The foreman’s wife took him at first for a doorstep evangelist. Then, flustered, confessed that her husband was out playing golf. His flu had got better overnight—it was almost a miracle. Andrew drove away angrily. If it had not been Sunday he would have gone straight to the office and worked. Instead he drove north. As was usual when he met dishonesty, he called our mother to his side. At the top of the Albany hill he (they) stopped in a parking-bay and looked across the upper harbour to the Wadesville valley. It appeared to lie under a brown industrial smog. (Things, on that day, had a way of confirming his view; isolating him.)

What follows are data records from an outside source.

lemma is_BD_dstar_BD_dstar:
  assumes \<gamma>: "\<gamma> \<in> BD_Gamma G"
  shows "is_BD_dstar G I \<gamma> (BD_dstar G I \<gamma>)"
proof -
  txt \<open>With levels counted from 0, \<open>d\<^sup>*\<^sub>\<gamma> = e\<^sup>*\<^sub>\<gamma> - e\<^sup>*\<^sub>\<gamma> \<circ> i\<^sub>p \<circ> r\<^sub>p\<close> for \<open>\<gamma>\<close> of level \<open>p + 1\<close>,
    and \<open>d\<^sup>*\<^sub>\<gamma> = e\<^sup>*\<^sub>\<gamma>\<close> at level 0.\<close>
  define p where "p = BD_level G \<gamma> - 1"
  define h where "h x = (if BD_level G \<gamma> = 0 then 0 else I p (restr (G p) x) \<gamma>)" for x
  obtain K where "K \<ge> 0"
    and K: "\<And>q x B \<eta>. supported (G q) x \<Longrightarrow> (\<And>\<zeta>. \<bar>x \<zeta>\<bar> \<le> B) \<Longrightarrow> \<bar>I q x \<eta>\<bar> \<le> K * B"
    using I_bounded by metis
  have h_bound: "\<bar>h x\<bar> \<le> K * supn x" if "x \<in> BD_space G I" for x
  proof -
    have "bdd_fun x" using bdd_fun_BD_space[OF that] .
    then have "\<bar>restr (G p) x \<zeta>\<bar> \<le> supn x" for \<zeta>
      using abs_le_supn[of x \<zeta>] supn_nonneg[of x] by (simp add: restr_def)
    then show ?thesis
      using K[OF supported_restr] \<open>K \<ge> 0\<close> supn_nonneg[OF \<open>bdd_fun x\<close>] by (simp add: h_def)
  qed
  have h: "bounded_linear_functional_on (BD_space G I) h"
    by (intro bounded_linear_functional_onI[where C=K] h_bound)
      (simp_all add: h_def restr_add restr_scale I_add[OF supported_restr supported_restr]
        I_scale[OF supported_restr])
  have h_BD_d: "h (BD_d G I \<delta>) = (if BD_level G \<delta> < BD_level G \<gamma> then BD_d G I \<delta> \<gamma> else 0)"
    if \<delta>: "\<delta> \<in> BD_Gamma G" for \<delta>
    using I_restr_BD_d[OF \<delta>, of p] restr_BD_d_below_level[OF \<delta>, of p]
    by (auto simp: h_def p_def I_zero)
  define f where "f x = (if x \<in> BD_space G I then x \<gamma> - h x else 0)" for x
  have "is_BD_dstar G I \<gamma> f"
    unfolding is_BD_dstar_def
  proof (intro conjI ballI allI impI)
    show "bounded_linear_functional_on (BD_space G I) f"
      unfolding f_def
      by (intro bounded_linear_functional_on_zero_outside bounded_linear_functional_on_diff
          bounded_linear_functional_on_eval h bounded_function_space_BD_space)
    show "f (BD_d G I \<delta>) = (if \<delta> = \<gamma> then 1 else 0)" if \<delta>: "\<delta> \<in> BD_Gamma G" for \<delta>
      using BD_d_below_level[OF \<delta>, of \<gamma>] mem_G_iff_BD_level_le[OF \<gamma>, of "BD_level G \<delta>"]
      by (auto simp: f_def h_BD_d[OF \<delta>] BD_d_in_space[OF \<delta>])
  qed (simp add: f_def)
  then show ?thesis using BD_dstar_eqI by simp
qed

lemma BD_dstar_BD_d:
  "\<gamma> \<in> BD_Gamma G \<Longrightarrow> \<delta> \<in> BD_Gamma G \<Longrightarrow> BD_dstar G I \<gamma> (BD_d G I \<delta>) = (if \<delta> = \<gamma> then 1 else 0)"
  using is_BD_dstar_BD_dstar unfolding is_BD_dstar_def by blast

lemma BD_proj_BD_d:
  assumes "finite E \<or> finite (- E)" "\<delta> \<in> BD_Gamma G"
  shows "BD_proj G I E (BD_d G I \<delta>) = (if BD_level G \<delta> \<in> E then BD_d G I \<delta> else (\<lambda>_. 0))"
  using is_BD_proj_BD_proj[OF is_BD_dstar_BD_dstar finite_G assms(1)] assms(2)
  unfolding is_BD_proj_def by blast

end

section \<open>The space determined by a self-determined set\<close>

lemma nat_interval_finite_or_cofinite:
  assumes "nat_interval E"
  shows "finite E \<or> finite (- E)"
proof (cases "finite E")
  case False
  then obtain a where a: "a \<in> E" by (metis finite.emptyI ex_in_conv)
  have "- E \<subseteq> {..<a}"
  proof
    fix n assume n: "n \<in> - E"
    obtain c where "c \<in> E" "n \<le> c"
      using False infinite_nat_iff_unbounded_le by blast
    with n a assms show "n \<in> {..<a}"
      unfolding nat_interval_def by (meson Compl_iff lessThan_iff not_le_imp_less)
  qed
  then show ?thesis using finite_subset by blast
qed simp

lemma finite_or_cofinite_vimage:
  assumes "inj f" "finite E \<or> finite (- E)"
  shows "finite (f -` E) \<or> finite (- (f -` E))"
  using assms finite_vimageI[OF _ assms(1)] by (auto simp: vimage_Compl[symmetric])

locale self_determined_BD = Bourgain_Delbaen +
  fixes \<Gamma>' :: "'a set"
  assumes self_determined: "self_determined G I \<Gamma>'"
begin

lemma Gamma'_subset: "\<Gamma>' \<subseteq> BD_Gamma G"
  using self_determined by (simp add: self_determined_def)

lemma mem_BD_Gamma_if_Gamma': "\<delta> \<in> \<Gamma>' \<Longrightarrow> \<delta> \<in> BD_Gamma G"
  using Gamma'_subset by blast

lemma infinite_Gamma': "infinite \<Gamma>'"
  using self_determined by (simp add: self_determined_def)

lemma BD_dstar_self_determined:
  assumes "\<gamma> \<in> \<Gamma>'"
  obtains F a where "finite F" "F \<subseteq> \<Gamma>'"
    "\<And>x. x \<in> BD_space G I \<Longrightarrow> BD_dstar G I \<gamma> x = (\<Sum>\<eta>\<in>F. a \<eta> * x \<eta>)"
  using self_determined assms unfolding self_determined_def by metis

lemma BD_level_mem_sd_levels:
  "\<delta> \<in> \<Gamma>' \<Longrightarrow> BD_level G \<delta> \<in> {q. \<Gamma>' \<inter> BD_Delta G q \<noteq> {}}"
  using BD_level_in_Delta[of \<delta> G] Gamma'_subset by auto

lemma infinite_sd_levels: "infinite {q. \<Gamma>' \<inter> BD_Delta G q \<noteq> {}}"
proof
  assume fin: "finite {q. \<Gamma>' \<inter> BD_Delta G q \<noteq> {}}"
  have "\<Gamma>' \<subseteq> (\<Union>q\<in>{q. \<Gamma>' \<inter> BD_Delta G q \<noteq> {}}. G q)"
  proof
    fix \<delta> assume \<delta>: "\<delta> \<in> \<Gamma>'"
    show "\<delta> \<in> (\<Union>q\<in>{q. \<Gamma>' \<inter> BD_Delta G q \<noteq> {}}. G q)"
      by (rule UN_I[where B=G, OF BD_level_mem_sd_levels[OF \<delta>] BD_level_in[OF mem_BD_Gamma_if_Gamma'[OF \<delta>]]])
  qed
  moreover have "finite (\<Union>q\<in>{q. \<Gamma>' \<inter> BD_Delta G q \<noteq> {}}. G q)"
    using fin finite_G by simp
  ultimately show False using infinite_Gamma' by (meson finite_subset)
qed

lemma sd_q_le_iff: "sd_q G \<Gamma>' s \<le> sd_q G \<Gamma>' t \<longleftrightarrow> s \<le> t"
  unfolding sd_q_def by (rule enumerate_mono_le_iff[OF infinite_sd_levels])

lemma inj_sd_q: "inj (sd_q G \<Gamma>')"
  unfolding sd_q_def by (rule inj_enumerate[OF infinite_sd_levels])

lemma ex_sd_q_eq_BD_level: "\<delta> \<in> \<Gamma>' \<Longrightarrow> \<exists>s. sd_q G \<Gamma>' s = BD_level G \<delta>"
  unfolding sd_q_def by (rule enumerate_Ex[OF infinite_sd_levels BD_level_mem_sd_levels])

lemma mem_sd_G_BD_level:
  assumes "\<delta> \<in> \<Gamma>'" "sd_q G \<Gamma>' s = BD_level G \<delta>"
  shows "\<delta> \<in> sd_G G \<Gamma>' s"
  using assms BD_level_in[OF mem_BD_Gamma_if_Gamma'[OF assms(1)]] by (simp add: sd_G_def)

lemma sd_q_BD_level:
  assumes \<delta>: "\<delta> \<in> \<Gamma>'"
  shows "sd_q G \<Gamma>' (BD_level (sd_G G \<Gamma>') \<delta>) = BD_level G \<delta>"
proof -
  obtain s where s: "sd_q G \<Gamma>' s = BD_level G \<delta>"
    using ex_sd_q_eq_BD_level[OF \<delta>] by blast
  have "BD_level (sd_G G \<Gamma>') \<delta> = s"
    unfolding BD_level_def
  proof (rule Least_equality)
    show "\<delta> \<in> sd_G G \<Gamma>' s" by (rule mem_sd_G_BD_level[OF \<delta> s])
    show "s \<le> t" if "\<delta> \<in> sd_G G \<Gamma>' t" for t
      using that BD_level_le[of \<delta> G "sd_q G \<Gamma>' t"] s sd_q_le_iff[of s t] by (simp add: sd_G_def)
  qed
  then show ?thesis using s by simp
qed

lemma BD_Gamma_sd: "BD_Gamma (sd_G G \<Gamma>') = \<Gamma>'"
proof
  show "BD_Gamma (sd_G G \<Gamma>') \<subseteq> \<Gamma>'" unfolding BD_Gamma_def sd_G_def by blast
  show "\<Gamma>' \<subseteq> BD_Gamma (sd_G G \<Gamma>')"
  proof
    fix \<delta> assume \<delta>: "\<delta> \<in> \<Gamma>'"
    obtain s where "sd_q G \<Gamma>' s = BD_level G \<delta>" using ex_sd_q_eq_BD_level[OF \<delta>] by blast
    from mem_sd_G_BD_level[OF \<delta> this] show "\<delta> \<in> BD_Gamma (sd_G G \<Gamma>')" by (rule mem_BD_Gamma)
  qed
qed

“Look what they’ve done to our home, Mother.”
The drive that followed, around the top of the harbour, through Riverhead and down the motorway, was a kind of Orphean descent. The Wadesville of his imagination was changeless: old wooden house, orchard, garden, kitchen with roaring stove and singing kettle; mother, Goddess of the Hearth—Andrew, wise child, acolyte. He came down that day into a town of hoardings, shops, traffic lights, where Sunday motor-bike gangs clustered outside milkbars and girls in jeans and leather mini-skirts stood on the corners with jaws moving on cuds of gum. This was no longer Wadesville. This was the town of Paul Prior. He drove through it and turned into Farm Road. At the top of the hill he stopped and looked across the valley. In place of the house and orchard stood giant fibrolite storage sheds. Beside them the dead creek ran. He walked from the car to the edge of the hill and looked down at my house; and me on the sunny porch, reading a book. He watched me turn one page; two; dig in my ear for wax and wipe my finger on the leg of my trousers.
A girl went by, carrying books. He saw her instantly as mine. A law began to operate. The three of us, and Mother, were in a valley outside common nature, where other beings were insubstantial as ghosts. Only we were real. He watched the girl walk down the hill. Everything brought a shock of recognition. Books, plaited hair, bare legs, religious collar. The girl went out of sight. He glimpsed her a little while later moving in the scrub, where she seemed to be picking something. On the veranda I moved my book out of the sun. The girl came on to the road again and set off along its edge, carrying a bunch of grass. He watched our meeting on the path and saw her spin like a dancer to show off her dress. We went inside.